Generative AI can help content creators by summarizing articles, combining clinical guidelines, or making quiz questions in many languages. This cuts down the time to make updated training. Hospitals and clinics can use this to keep up with rapid changes in rules.
Multilingual healthcare education is needed to improve knowledge and patient care in diverse areas like the U.S. AMEE’s Spanish webinar showed there is strong interest and positive results from language-inclusive learning. Targeted language webinars, AI translation, simultaneous captions, and community marketing can help leaders reduce language problems.
Using AI and automation in education makes programs easier to run, more personal, and more accessible.
By using these steps and tools, healthcare owners, managers, and IT staff can keep training open to all providers, no matter their first language. This leads to better care and better results for many different people across the country.
AMEE’s first multilingual webinar marked a milestone in inclusive health professions education by offering content in Spanish, reaching over 495 registrants primarily from Spanish-speaking countries, and demonstrating the strong demand for non-English language educational resources in global health education.
Spanish was chosen due to its broad global reach, especially in Latin America and Spain, allowing AMEE to pilot multilingual engagement with a large, influential audience ahead of the AMEE 2025 conference in Barcelona.

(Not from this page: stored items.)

(* Let $k\ge2$, $n\ge1$ be integers, let $\bar{\mathcal{P}}\in\mathbb{R}^{[k,n]}$ be a columnwise-substochastic tensor, $\mathbf{v}\in\mathbb{R}^n$ a stochastic vector and $\alpha\in[0,1)$. Let $\Delta:=\{\mathbf{y}\in\mathbb{R}^n_+:\mathbf{e}^T\mathbf{y}\le(1-\alpha)^{-\frac{1}{k-1}}\}$ and let $\mathbf{y}_c\in\Delta$. Then the equation $(\mathbf{e}^T\mathbf{y}_{c+1})^{k-2}\mathbf{y}_{c+1}=\alpha\bar{\mathcal{P}}\mathbf{y}_c^{k-1}+\mathbf{v}$ in the unknown $\mathbf{y}_{c+1}$ has the closed-form solution $$\mathbf{y}_{c+1}=\left(1+\alpha\mathbf{e}^T(\bar{\mathcal{P}}\mathbf{y}_c^{k-1})\right)^{-\frac{k-2}{k-1}}\left(\alpha\bar{\mathcal{P}}\mathbf{y}_c^{k-1}+\mathbf{v}\right)\in\Delta,$$ which is exactly $\mathbf{y}_{c+1}=\Phi(\mathbf{y}_c)$, where $\Phi(\mathbf{y}):=(1+\alpha\mathbf{e}^T(\bar{\mathcal{P}}\mathbf{y}^{k-1}))^{-\frac{k-2}{k-1}}(\mathbf{v}+\alpha\bar{\mathcal{P}}\mathbf{y}^{k-1})$.
   Context: For $\mathcal{P}\in\mathbb{R}^{[k,n]}$ (real tensors of order $k$, dimension $n$) and $\mathbf{y}\in\mathbb{R}^n$, $(\mathcal{P}\mathbf{y}^{k-1})_i=\sum_{i_2,\dots,i_k}p_{i i_2\dots i_k}y_{i_2}\cdots y_{i_k}$. $\bar{\mathcal{P}}$ is columnwise-substochastic if its entries are nonnegative and $\sum_{i}\bar p_{i i_2\dots i_k}\le1$ for all $i_2,\dots,i_k$. $\mathbf{e}$ is the all-ones vector; a stochastic vector is nonnegative with entries summing to $1$. The left-hand side $(\mathbf{e}^T\mathbf{y})^{k-2}\mathbf{y}$ equals $(I\circ\mathbf{e}^{\circ(k-2)})\mathbf{y}^{k-1}$, where $I\circ\mathbf{e}^{\circ(k-2)}$ is the tensor with entries $\delta_{i_1i_2}$. *)

theory Defs
  imports Complex_Main
begin

text \<open>Coordinates are indexed by a finite type 'n (so n = CARD('n) >= 1).
  A real tensor of order k and dimension n is P :: 'n => 'n list => real,
  where P i js is the entry p_{i i_2 ... i_k} for js = [i_2,...,i_k] of length k-1
  (values at other list lengths are irrelevant).\<close>

definition tapply :: "nat \<Rightarrow> ('n::finite \<Rightarrow> 'n list \<Rightarrow> real) \<Rightarrow> ('n \<Rightarrow> real) \<Rightarrow> 'n \<Rightarrow> real" where
  "tapply k P y i = (\<Sum>js\<in>{js. length js = k - 1}. P i js * prod_list (map y js))"

definition col_substochastic :: "nat \<Rightarrow> ('n::finite \<Rightarrow> 'n list \<Rightarrow> real) \<Rightarrow> bool" where
  "col_substochastic k P \<longleftrightarrow>
     (\<forall>i js. length js = k - 1 \<longrightarrow> 0 \<le> P i js) \<and>
     (\<forall>js. length js = k - 1 \<longrightarrow> (\<Sum>i\<in>UNIV. P i js) \<le> 1)"

definition esum :: "('n::finite \<Rightarrow> real) \<Rightarrow> real" where
  "esum y = (\<Sum>i\<in>UNIV. y i)"

definition stochastic :: "('n::finite \<Rightarrow> real) \<Rightarrow> bool" where
  "stochastic v \<longleftrightarrow> (\<forall>i. 0 \<le> v i) \<and> esum v = 1"

definition Delta :: "nat \<Rightarrow> real \<Rightarrow> ('n::finite \<Rightarrow> real) set" where
  "Delta k \<alpha> = {y. (\<forall>i. 0 \<le> y i) \<and> esum y \<le> (1 - \<alpha>) powr (- 1 / (real k - 1))}"

definition Phi :: "nat \<Rightarrow> real \<Rightarrow> ('n::finite \<Rightarrow> 'n list \<Rightarrow> real) \<Rightarrow> ('n \<Rightarrow> real) \<Rightarrow> ('n \<Rightarrow> real) \<Rightarrow> 'n \<Rightarrow> real" where
  "Phi k \<alpha> P v y = (\<lambda>i. (1 + \<alpha> * esum (tapply k P y)) powr (- (real k - 2) / (real k - 1))
                         * (v i + \<alpha> * tapply k P y i))"

end

theory Submission
  imports Defs
begin

text \<open>Put \<open>w = \<alpha> P y\<^sub>c\<^sup>k\<^sup>-\<^sup>1 + v\<close> and \<open>T = e\<^sup>T w = 1 + \<alpha> e\<^sup>T(P y\<^sub>c\<^sup>k\<^sup>-\<^sup>1)\<close>. The equation
  \<open>(e\<^sup>T y)^(k-2) y = w\<close> makes \<open>y\<close> a multiple \<open>c w\<close>; summing gives \<open>c (c T)^(k-2) = 1\<close>, so
  \<open>c = T^(-(k-2)/(k-1))\<close> and \<open>e\<^sup>T y = T^(1/(k-1))\<close>. Column substochasticity gives
  \<open>e\<^sup>T(P y\<^sub>c\<^sup>k\<^sup>-\<^sup>1) \<le> (e\<^sup>T y\<^sub>c)^(k-1) \<le> 1/(1-\<alpha>)\<close>, hence \<open>T \<le> 1/(1-\<alpha>)\<close>, which is the bound
  defining \<open>\<Delta>\<close> raised to the power \<open>k-1\<close>.\<close>

lemma sum_prod_list_lists_length:
  fixes f :: "'a \<Rightarrow> 'b::comm_semiring_1"
  assumes "finite A"
  shows "(\<Sum>xs\<in>{xs. set xs \<subseteq> A \<and> length xs = n}. prod_list (map f xs)) = sum f A ^ n"
proof (induction n)
  case 0
  have "{xs. set xs \<subseteq> A \<and> length xs = 0} = {[]}"
    by auto
  then show ?case by simp
next
  case (Suc n)
  have "(\<Sum>xs\<in>{xs. set xs \<subseteq> A \<and> length xs = Suc n}. prod_list (map f xs))
      = (\<Sum>(xs, x)\<in>{xs. set xs \<subseteq> A \<and> length xs = n} \<times> A. f x * prod_list (map f xs))"
    unfolding lists_length_Suc_eq by (subst sum.reindex) (auto simp: inj_split_Cons case_prod_beta)
  also have "\<dots> = (\<Sum>xs\<in>{xs. set xs \<subseteq> A \<and> length xs = n}. \<Sum>x\<in>A. f x * prod_list (map f xs))"
    by (rule sum.cartesian_product[symmetric])
  also have "\<dots> = (\<Sum>xs\<in>{xs. set xs \<subseteq> A \<and> length xs = n}. prod_list (map f xs)) * sum f A"
    by (simp add: sum_distrib_left sum_distrib_right mult.commute)
  finally show ?case
    using Suc.IH by (simp add: mult.commute)
qed

lemma esum_scale: "esum (\<lambda>i. c * y i) = c * esum y"
  by (simp add: esum_def sum_distrib_left)

lemma esum_nonneg: "(\<And>i. 0 \<le> y i) \<Longrightarrow> 0 \<le> esum y"
  by (simp add: esum_def sum_nonneg)

lemma tapply_nonneg:
  assumes "col_substochastic k P" and "\<And>i. 0 \<le> y i"
  shows "0 \<le> tapply k P y i"
  using assms unfolding tapply_def col_substochastic_def
  by (intro sum_nonneg mult_nonneg_nonneg prod_list_nonneg) auto

lemma esum_tapply_le:
  assumes "col_substochastic k P" and "\<And>i. 0 \<le> y i"
  shows "esum (tapply k P y) \<le> esum y ^ (k - 1)"
proof -
  let ?L = "{js::'a list. length js = k - 1}"
  have "esum (tapply k P y) = (\<Sum>js\<in>?L. (\<Sum>i\<in>UNIV. P i js) * prod_list (map y js))"
    unfolding esum_def tapply_def by (subst sum.swap) (simp add: sum_distrib_right)
  also have "\<dots> \<le> (\<Sum>js\<in>?L. prod_list (map y js))"
    using assms unfolding col_substochastic_def
    by (intro sum_mono mult_left_le_one_le prod_list_nonneg) (auto intro: sum_nonneg)
  also have "\<dots> = esum y ^ (k - 1)"
    using sum_prod_list_lists_length[of "UNIV :: 'a set" y "k - 1"] by (simp add: esum_def)
  finally show ?thesis .
qed

lemma le_powr_neg_inverse_iff:
  fixes x a :: real
  assumes "0 \<le> x" and "0 < a" and "0 < m"
  shows "x \<le> a powr (- 1 / real m) \<longleftrightarrow> x ^ m \<le> inverse a"
proof -
  have "a powr (- 1 / real m) = root m (inverse a)"
    using assms by (simp add: root_powr_inverse powr_minus_divide inverse_eq_divide powr_divide)
  moreover have "x = root m (x ^ m)"
    using assms by (simp add: real_root_power_cancel)
  ultimately show ?thesis
    using assms(3) by (metis real_root_le_iff)
qed

lemma homogeneous_equation_closed_form:
  fixes w :: "'n::finite \<Rightarrow> real"
  assumes "2 \<le> k" and "0 < esum w"
  defines "y \<equiv> \<lambda>i. esum w powr (- (real k - 2) / (real k - 1)) * w i"
  shows "esum y ^ (k - 1) = esum w" and "esum y ^ (k - 2) * y i = w i"
proof -
  let ?T = "esum w" and ?r = "real k - 1"
  have r_pos: "0 < ?r"
    using assms(1) by simp
  have "esum y = ?T powr (- (real k - 2) / ?r + 1)"
    using assms(2) by (simp add: y_def esum_scale powr_add)
  also have "- (real k - 2) / ?r + 1 = 1 / ?r"
    using r_pos by (simp add: field_simps)
  finally have esum_y: "esum y = ?T powr (1 / ?r)" .
  have power_esum_y: "esum y ^ m = ?T powr (real m / ?r)" for m
    using assms(2) by (simp add: esum_y powr_realpow[symmetric] powr_powr)
  show "esum y ^ (k - 1) = ?T"
    using assms(1,2) r_pos by (simp add: power_esum_y of_nat_diff)
  have "esum y ^ (k - 2) * y i = ?T powr (real (k - 2) / ?r) * ?T powr (- (real k - 2) / ?r) * w i"
    unfolding power_esum_y by (simp add: y_def)
  also have "\<dots> = w i"
    using assms(1,2) by (simp add: of_nat_diff powr_add[symmetric] add_divide_distrib[symmetric])
  finally show "esum y ^ (k - 2) * y i = w i" .
qed

lemma mem_Delta_iff_power:
  assumes "2 \<le> k" and "\<alpha> < 1"
  shows "y \<in> Delta k \<alpha> \<longleftrightarrow> (\<forall>i. 0 \<le> y i) \<and> esum y ^ (k - 1) \<le> inverse (1 - \<alpha>)"
proof -
  have "real k - 1 = real (k - 1)" and "0 < k - 1"
    using assms(1) by (auto simp: of_nat_diff)
  then show ?thesis
    using le_powr_neg_inverse_iff[of "esum y" "1 - \<alpha>" "k - 1"] assms(2)
    by (auto simp: Delta_def esum_nonneg)
qed

lemma one_plus_esum_tapply_le_on_Delta:
  assumes "2 \<le> k" and "col_substochastic k P" and "0 \<le> \<alpha>" and "\<alpha> < 1" and "y \<in> Delta k \<alpha>"
  shows "1 + \<alpha> * esum (tapply k P y) \<le> inverse (1 - \<alpha>)"
proof -
  have y: "\<And>i. 0 \<le> y i" "esum y ^ (k - 1) \<le> inverse (1 - \<alpha>)"
    using assms(5) by (simp_all add: mem_Delta_iff_power[OF assms(1,4)])
  have "esum (tapply k P y) \<le> inverse (1 - \<alpha>)"
    using esum_tapply_le[OF assms(2)] y by (blast intro: order_trans)
  then have "\<alpha> * esum (tapply k P y) \<le> \<alpha> * inverse (1 - \<alpha>)"
    using assms(3) by (rule mult_left_mono)
  then show ?thesis
    using assms(4) by (simp add: field_simps)
qed

lemma esum_affine_tapply:
  assumes "stochastic v"
  shows "esum (\<lambda>i. \<alpha> * tapply k P y i + v i) = 1 + \<alpha> * esum (tapply k P y)"
  using assms by (simp add: stochastic_def esum_def sum.distrib sum_distrib_left)

theorem lemma4p1:
  fixes k :: nat and P :: "'n::finite \<Rightarrow> 'n list \<Rightarrow> real" and v yc :: "'n \<Rightarrow> real" and \<alpha> :: real
  assumes "k \<ge> 2"
    and "col_substochastic k P"
    and "stochastic v"
    and "0 \<le> \<alpha>" and "\<alpha> < 1"
    and "yc \<in> Delta k \<alpha>"
  shows "let w = (\<lambda>i. \<alpha> * tapply k P yc i + v i);
             y' = (\<lambda>i. (1 + \<alpha> * esum (tapply k P yc)) powr (- (real k - 2) / (real k - 1)) * w i)
         in (\<forall>i. esum y' ^ (k - 2) * y' i = w i) \<and> y' \<in> Delta k \<alpha> \<and> y' = Phi k \<alpha> P v yc"
proof -
  define w where "w = (\<lambda>i. \<alpha> * tapply k P yc i + v i)"
  define y' where "y' = (\<lambda>i. esum w powr (- (real k - 2) / (real k - 1)) * w i)"
  have esum_w: "esum w = 1 + \<alpha> * esum (tapply k P yc)"
    unfolding w_def using assms(3) by (rule esum_affine_tapply)
  have yc_nonneg: "0 \<le> yc i" for i
    using assms(6) by (simp add: Delta_def)
  have tapply_yc_nonneg: "0 \<le> tapply k P yc i" for i
    using assms(2) yc_nonneg by (rule tapply_nonneg)
  then have w_nonneg: "0 \<le> w i" for i
    using assms(3,4) by (simp add: w_def stochastic_def)
  have esum_w_pos: "0 < esum w"
    using esum_w esum_nonneg[of "tapply k P yc", OF tapply_yc_nonneg] assms(4) by (simp add: add_pos_nonneg)
  have "esum y' ^ (k - 1) = esum w"
    unfolding y'_def using assms(1) esum_w_pos by (rule homogeneous_equation_closed_form(1))
  then have "y' \<in> Delta k \<alpha>"
    using esum_w one_plus_esum_tapply_le_on_Delta[OF assms(1,2,4,5,6)] w_nonneg esum_w_pos
    by (simp add: mem_Delta_iff_power[OF assms(1,5)] y'_def)
  moreover have "\<forall>i. esum y' ^ (k - 2) * y' i = w i"
    unfolding y'_def using assms(1) esum_w_pos by (blast intro: homogeneous_equation_closed_form(2))
  ultimately show ?thesis
    using esum_w by (simp add: Let_def Phi_def y'_def w_def add.commute)
qed

end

Generative AI was central to the webinar’s theme and execution, facilitating content creation and enhancing engagement through advanced AI technologies, aligning with contemporary educational trends and AMEE’s focus on technological innovation.

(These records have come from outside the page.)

lemma trm_fact_justified:
  assumes "set (trm_record t xs) \<subseteq> M" "\<forall>y\<in>M. y \<le> c"
  shows "entry_justified (\<lambda>y. y \<in> M) c (trm_fact t xs)"
proof -
  have sub: "trm_entry (code_trm s) (code_list xs) (evt (list_env xs) s) \<in> M \<and>
      code_trm s \<le> c \<and> evt (list_env xs) s \<le> c" if "set (trm_record s xs) \<subseteq> M" for s
  proof -
    have "trm_fact s xs \<in> M" using that trm_fact_in_trm_record by blast
    then show ?thesis using assms(2) trm_entry_le unfolding trm_fact_def by blast
  qed
  have hd: "trm_fact t xs \<le> c" using assms trm_fact_in_trm_record by blast
  then have bounds: "code_trm t \<le> c" "code_list xs \<le> c"
    unfolding trm_fact_def using trm_entry_le by blast+
  have "trm_justified (\<lambda>y. y \<in> M) c (code_trm t) (code_list xs) (evt (list_env xs) t)"
  proof (cases t)
    case (Var i)
    show ?thesis
    proof (cases "(i, xs)" rule: var_record.cases)
      case (1 i)
      then show ?thesis using bounds Var by (simp add: trm_justified_Var_Nil list_env_def)
    next
      case (2 x ys)
      then show ?thesis using bounds Var ccons_le[of x "code_list ys" c]
        by (simp add: trm_justified_Var_0 list_env_def)
    next
      case (3 j x ys)
      have "trm_fact (Var j) ys \<in> M" using assms(1) Var 3 trm_fact_in_var_record by auto
      moreover have "Suc j \<le> c" "x \<le> c" "code_list ys \<le> c"
        using bounds Var 3 ccons_le[of x "code_list ys" c] by simp_all
      ultimately show ?thesis using Var 3 unfolding trm_fact_def
        by (simp add: list_env_Cons trm_justified_Var_Suc del: mult_Suc_right)
    qed
  next
    case Zero
    show ?thesis unfolding Zero code_trm.simps evt.simps by (rule trm_justified_Zero)
  next
    case (Sc s)
    then have "set (trm_record s xs) \<subseteq> M" using assms(1) by simp
    from sub[OF this] show ?thesis unfolding Sc code_trm.simps evt.simps
      by (intro trm_justified_Sc) simp_all
  next
    case (Pl s u)
    then have "set (trm_record s xs) \<subseteq> M" "set (trm_record u xs) \<subseteq> M" using assms(1) by simp_all
    from sub[OF this(1)] sub[OF this(2)] show ?thesis unfolding Pl code_trm.simps evt.simps
      by (intro trm_justified_Pl) simp_all
  next
    case (Tm s u)
    then have "set (trm_record s xs) \<subseteq> M" "set (trm_record u xs) \<subseteq> M" using assms(1) by simp_all
    from sub[OF this(1)] sub[OF this(2)] show ?thesis unfolding Tm code_trm.simps evt.simps
      by (intro trm_justified_Tm) simp_all
  qed
  with hd show ?thesis unfolding trm_fact_def by (rule entry_justified_trm_entryI)
qed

Language barriers limit accessibility and engagement of educators worldwide, hindering the effective use of technological tools and restricting meaningful participation from non-English speaking professionals.
Participants expressed greater ease and deeper interaction when content was delivered in their native language, leading to improved understanding and breaking down obstacles related to technological and educational resources.

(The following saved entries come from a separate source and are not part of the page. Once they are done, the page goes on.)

(* Let $\varphi\in\Xi_p$ be such that $\lim_{x\to0}\frac{\phi_p(x)}{\varphi(x)}=\lim_{x\to0}\frac{\sqrt{-x\ln x}}{\varphi(x)}=0$. Let $(\mathbf{x}_n)$ be a sequence in $C_0([0,1],G(\mathbb{R}^d))$ converging pointwise to $\mathbf{x}\in C_0([0,1],G(\mathbb{R}^d))$, and assume $\sup_n\|\mathbf{x}_n\|_{\phi_p}<\infty$. Then $d_\varphi(\mathbf{x}_n,\mathbf{x})\to0$ as $n\to\infty$.
   Context: Fix $d\geq2$, $p\in(2,3)$. $G(\mathbb{R}^d)$ is the set of $g=(g^1,g^2)\in\mathbb{R}^d\oplus(\mathbb{R}^d\otimes\mathbb{R}^d)$ whose symmetric part of $g^2$ is $\frac12g^1\otimes g^1$, with product $g\otimes h=(g^1+h^1,g^2+g^1\otimes h^1+h^2)$, identity $(0,0)=:\exp(0)$, inverse $(g^1,g^2)^{-1}=(-g^1,-g^2+g^1\otimes g^1)$; for $x\in\mathbb{R}^d$, $\exp(x)=(x,\frac12x\otimes x)$; $\|g\|=\inf\{\sum_i|x^i|:x^i\in\mathbb{R}^d,\exp(x^1)\otimes\cdots\otimes\exp(x^n)=g\}$, with its induced topology on $G(\mathbb{R}^d)$. $C_0([0,1],G(\mathbb{R}^d))$: continuous paths with $\mathbf{x}_0=\exp(0)$; $\mathbf{x}_{s,t}=\mathbf{x}_s^{-1}\otimes\mathbf{x}_t$; $d_\varphi(\mathbf{x},\mathbf{y})=\sup_{0\leq s<t\leq1}\|\mathbf{x}_{s,t}^{-1}\otimes\mathbf{y}_{s,t}\|/\varphi(t-s)$; $\|\mathbf{x}\|_\psi=\sup_{0\leq s<t\leq1}\|\mathbf{x}_{s,t}\|/\psi(t-s)$. $\Xi_p$: $\varphi:[0,1]\to[0,\infty)$ with $\varphi(0)=0$ and $\varphi^p$ strictly increasing and convex. $\zeta(x)=\frac{1}{2\sqrt2}\int_0^x\sqrt{\log(1+u^{-2})/u}\,du$; $\phi_p$ is the $p$-th root of the smallest convex function on $[0,1]$ dominating $\zeta^p$. *)

theory Defs
  imports "HOL-Analysis.Analysis"
begin

text \<open>Step-2 free nilpotent group over R^d, elements (g1, g2) with g2 a d x d matrix.\<close>

type_synonym 'd grp = "(real ^ 'd) \<times> (real ^ 'd ^ 'd)"

definition tens :: "real ^ 'd \<Rightarrow> real ^ 'd \<Rightarrow> real ^ 'd ^ 'd" where
  "tens x y = (\<chi> i j. x $ i * y $ j)"

definition inG :: "('d::finite) grp \<Rightarrow> bool" where
  "inG g \<longleftrightarrow> (\<chi> i j. (snd g $ i $ j + snd g $ j $ i) / 2) = (1/2) *\<^sub>R tens (fst g) (fst g)"

definition gmult :: "('d::finite) grp \<Rightarrow> 'd grp \<Rightarrow> 'd grp" where
  "gmult g h = (fst g + fst h, snd g + tens (fst g) (fst h) + snd h)"

definition ginv :: "('d::finite) grp \<Rightarrow> 'd grp" where
  "ginv g = (- fst g, - snd g + tens (fst g) (fst g))"

definition gexp :: "real ^ ('d::finite) \<Rightarrow> 'd grp" where
  "gexp x = (x, (1/2) *\<^sub>R tens x x)"

definition ccnorm :: "('d::finite) grp \<Rightarrow> real" where
  "ccnorm g = Inf {sum_list (map norm xs) | xs. foldr gmult (map gexp xs) (gexp 0) = g}"

definition ccdist :: "('d::finite) grp \<Rightarrow> 'd grp \<Rightarrow> real" where
  "ccdist g h = ccnorm (gmult (ginv g) h)"

definition C0path :: "(real \<Rightarrow> ('d::finite) grp) \<Rightarrow> bool" where
  "C0path x \<longleftrightarrow> (\<forall>t\<in>{0..1}. inG (x t)) \<and> x 0 = gexp 0 \<and>
     (\<forall>t\<in>{0..1}. \<forall>e>0. \<exists>\<delta>>0. \<forall>s\<in>{0..1}. \<bar>s - t\<bar> < \<delta> \<longrightarrow> ccdist (x t) (x s) < e)"

definition incr :: "(real \<Rightarrow> ('d::finite) grp) \<Rightarrow> real \<Rightarrow> real \<Rightarrow> 'd grp" where
  "incr x s t = gmult (ginv (x s)) (x t)"

definition d_phi :: "(real \<Rightarrow> real) \<Rightarrow> (real \<Rightarrow> ('d::finite) grp) \<Rightarrow> (real \<Rightarrow> 'd grp) \<Rightarrow> ereal" where
  "d_phi \<phi> x y = (SUP (s,t)\<in>{(s,t). 0 \<le> s \<and> s < t \<and> t \<le> 1}.
      ereal (ccnorm (gmult (ginv (incr x s t)) (incr y s t)) / \<phi> (t - s)))"

definition hnorm :: "(real \<Rightarrow> real) \<Rightarrow> (real \<Rightarrow> ('d::finite) grp) \<Rightarrow> ereal" where
  "hnorm \<psi> x = (SUP (s,t)\<in>{(s,t). 0 \<le> s \<and> s < t \<and> t \<le> 1}.
      ereal (ccnorm (incr x s t) / \<psi> (t - s)))"

definition Xi :: "real \<Rightarrow> (real \<Rightarrow> real) \<Rightarrow> bool" where
  "Xi p \<phi> \<longleftrightarrow> (\<forall>x\<in>{0..1}. \<phi> x \<ge> 0) \<and> \<phi> 0 = 0 \<and>
     strict_mono_on {0..1} (\<lambda>x. \<phi> x powr p) \<and> convex_on {0..1} (\<lambda>x. \<phi> x powr p)"

definition zeta :: "real \<Rightarrow> real" where
  "zeta x = 1 / (2 * sqrt 2) * integral {0..x} (\<lambda>u. sqrt (ln (1 + 1 / u\<^sup>2) / u))"

definition convex_majorant :: "(real \<Rightarrow> real) \<Rightarrow> real \<Rightarrow> real" where
  "convex_majorant f x = Inf {g x | g. convex_on {0..1} g \<and> (\<forall>y\<in>{0..1}. f y \<le> g y)}"

definition phi_p :: "real \<Rightarrow> real \<Rightarrow> real" where
  "phi_p p x = convex_majorant (\<lambda>y. zeta y powr p) x powr (1 / p)"

end

theory Submission
  imports Defs
begin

The webinar attracted 495 registrations with over 90% from Spanish-speaking countries, surpassing typical free webinar engagement rates and confirming a significant unmet demand for multilingual healthcare education.
Simultaneously translated captions were trialled successfully, enabling real-time cross-language communication and fostering cross-cultural collaboration during the webinar.
AMEE plans to expand multilingual offerings, including more Spanish webinars, a Spanish-language track at AMEE 2025, and introducing webinars in additional languages by 2025-2026, aiming to further global inclusivity.
Individuals can propose sessions in languages other than English by contacting AMEE, participate in multilingual events, and share personal experiences with overcoming language barriers in medical education to enhance community engagement.
Starting with a focused language approach and leveraging generative AI generated unexpectedly high engagement, highlighting the importance of language inclusivity and technological integration in expanding global education reach.